A payment processing company such as Merchant Stronghold begins the process by establishing a merchant bank account. The account utilizes a merchant gateway portal that connects the points of sale with both the customer’s credit card issuer and bank, as well as the bank that is the merchant’s.
Although Merchant Stronghold doesn’t use them many processors do require the high-risk enterprises to keep reserves or pay higher charges to guard themselves against charges or fraud.
2. The client presents the or her payment.
In-person or online the client pays for the goods or services they purchase through either a debit or credit card or a check. In the case of cash transactions, no processing is required.
3. The financial information is encrypted and transferred for authorization.
The transaction’s details such as the credit/debit card number, the number of scanned electronic checks, and the amount of sale and the amount are encrypted in the merchant gateway and then sent to the bank or credit card issuer to authorize. The process only takes two seconds and is utilized to guard against fraudulent transactions.
4. The sale is either approved or denied.
When the transaction information is received by the bank or credit card issuer the sale will be accepted or rejected. In the event that the card company suspects that there is a fraudulent activity or is unable to honor the transaction, they will not be able to let the money out.
The procedure is generally simpler for banks, which simply need to verify that the funds requested are in the bank’s account.
5. Funds are transferred to the seller.
When the credit issuer or bank approves the transaction, the money is released and transferred to the bank that is the merchant’s via their merchant gateway.

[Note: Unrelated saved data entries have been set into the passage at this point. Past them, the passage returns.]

text \<open>Rank--nullity, done by hand since the sequence space is infinite-dimensional: extend
  \<open>X\<close> to a basis \<open>B\<close> of \<open>V(L0, R0)\<close>; by surjectivity \<open>A(B - X)\<close> spans the
  \<open>d(R0 - L0 + 1 - \<tau>)\<close>-dimensional target.\<close>
lemma card_independent_bulk_le:
  fixes a :: "int \<Rightarrow> complex^'d^'d" and X :: "(int \<Rightarrow> complex^'d) set"
  assumes reg: "regular a p q" and N: "R0 - L0 + 1 \<ge> tau p q"
    and ind: "seq.independent X" and XM: "X \<subseteq> ker_restr a p q L0 R0 (L0 - p' p) (R0 - q' q)"
  shows "finite X \<and> card X \<le> CARD('d) * nat (tau p q)"
proof -
  define Lt where "Lt = L0 - p' p"
  define Rt where "Rt = R0 - q' q"
  define T where "T = bbl_window a p q Lt Rt"
  define V where "V = {x :: int \<Rightarrow> complex^'d. supp_in {L0..R0} x}"
  interpret T: Vector_Spaces.linear seq_scale seq_scale T
    unfolding T_def by (rule linear_bbl_window)
  have XV: "X \<subseteq> V" using XM unfolding V_def ker_restr_def by auto
  have V_span: "V \<subseteq> seq.span (unit_seqs L0 R0)"
    unfolding V_def using supp_in_imp_in_span_unit_seqs by auto
  have finX: "finite X"
    using seq.independent_span_bound[OF finite_unit_seqs ind] XV V_span by auto
  obtain B where B: "X \<subseteq> B" "B \<subseteq> V" "seq.independent B" "V \<subseteq> seq.span B"
    using seq.maximal_independent_subset_extend[OF XV ind] by metis
  have finB: "finite B" and cardB: "card B \<le> nat (R0 - L0 + 1) * CARD('d)"
    using seq.independent_span_bound[OF finite_unit_seqs B(3)] B(2) V_span
    by (auto simp: card_unit_seqs)
  have TX: "T x = 0" if "x \<in> X" for x
    using that XM unfolding ker_restr_def T_def bbl_window_def Lt_def Rt_def by (auto simp: fun_eq_iff)
  have "T b \<in> seq.span (T ` (B - X))" if "b \<in> B" for b
    using that TX seq.span_zero seq.span_base[of "T b"] by (cases "b \<in> X") auto
  then have "T ` B \<subseteq> seq.span (T ` (B - X))" by auto
  then have span_TB: "seq.span (T ` B) \<subseteq> seq.span (T ` (B - X))"
    by (rule seq.span_minimal) simp
  have "unit_seqs Lt Rt \<subseteq> seq.span (T ` (B - X))"
  proof
    fix y :: "int \<Rightarrow> complex^'d" assume "y \<in> unit_seqs Lt Rt"
    then have "supp_in {L0 - p' p..R0 - q' q} y"
      unfolding Lt_def Rt_def by (rule supp_in_unit_seqs)
    then have "y \<in> T ` V"
      using bbl_window_surj[OF reg] unfolding T_def V_def Lt_def Rt_def by blast
    also have "\<dots> \<subseteq> seq.span (T ` B)"
      using B(4) T.span_image by blast
    finally show "y \<in> seq.span (T ` (B - X))" using span_TB by auto
  qed
  then have "card (unit_seqs Lt Rt :: (int \<Rightarrow> complex^'d) set) \<le> card (T ` (B - X))"
    using seq.independent_span_bound[of "T ` (B - X)" "unit_seqs Lt Rt"] independent_unit_seqs finB
    by auto
  also have "\<dots> \<le> card B - card X"
    using finB B(1) finX by (metis card_Diff_subset card_image_le finite_Diff)
  finally have "nat (Rt - Lt + 1) * CARD('d) \<le> card B - card X" by (simp add: card_unit_seqs)
  moreover have "nat (R0 - L0 + 1) = nat (Rt - Lt + 1) + nat (tau p q)"
    using N tau_nonneg[of p q] unfolding Rt_def Lt_def tau_def by linarith
  moreover have "card X \<le> card B" using B(1) finB by (simp add: card_mono)
  ultimately show ?thesis using cardB finX by (simp add: algebra_simps)
qed

lemma restrict_seq_bbl_kernel:
  assumes "x \<in> bbl_kernel a p q"
  shows "restrict_seq L0 R0 x \<in> ker_restr a p q L0 R0 (L0 - p' p) (R0 - q' q)"
  using assms bbl_restrict_support[of _ L0 p R0 q a x]
  by (auto simp: ker_restr_def supp_in_def bbl_kernel_def restrict_seq_def[of L0 R0 x])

This can take up to several days, but after the money has been transferred it is accessible for the retailer.
Get Paid Faster with Merchant Stronghold
As an all-in-one payment processing solution, Merchant Stronghold merchant gateway technology helps both low-risk and high-risk merchants get paid faster and easier than ever.
Our dynamic network of financial partners allow us to distribute risk more effectively and provide payment processing services with minimal transaction fees and no burdensome reserve or escrow requirements.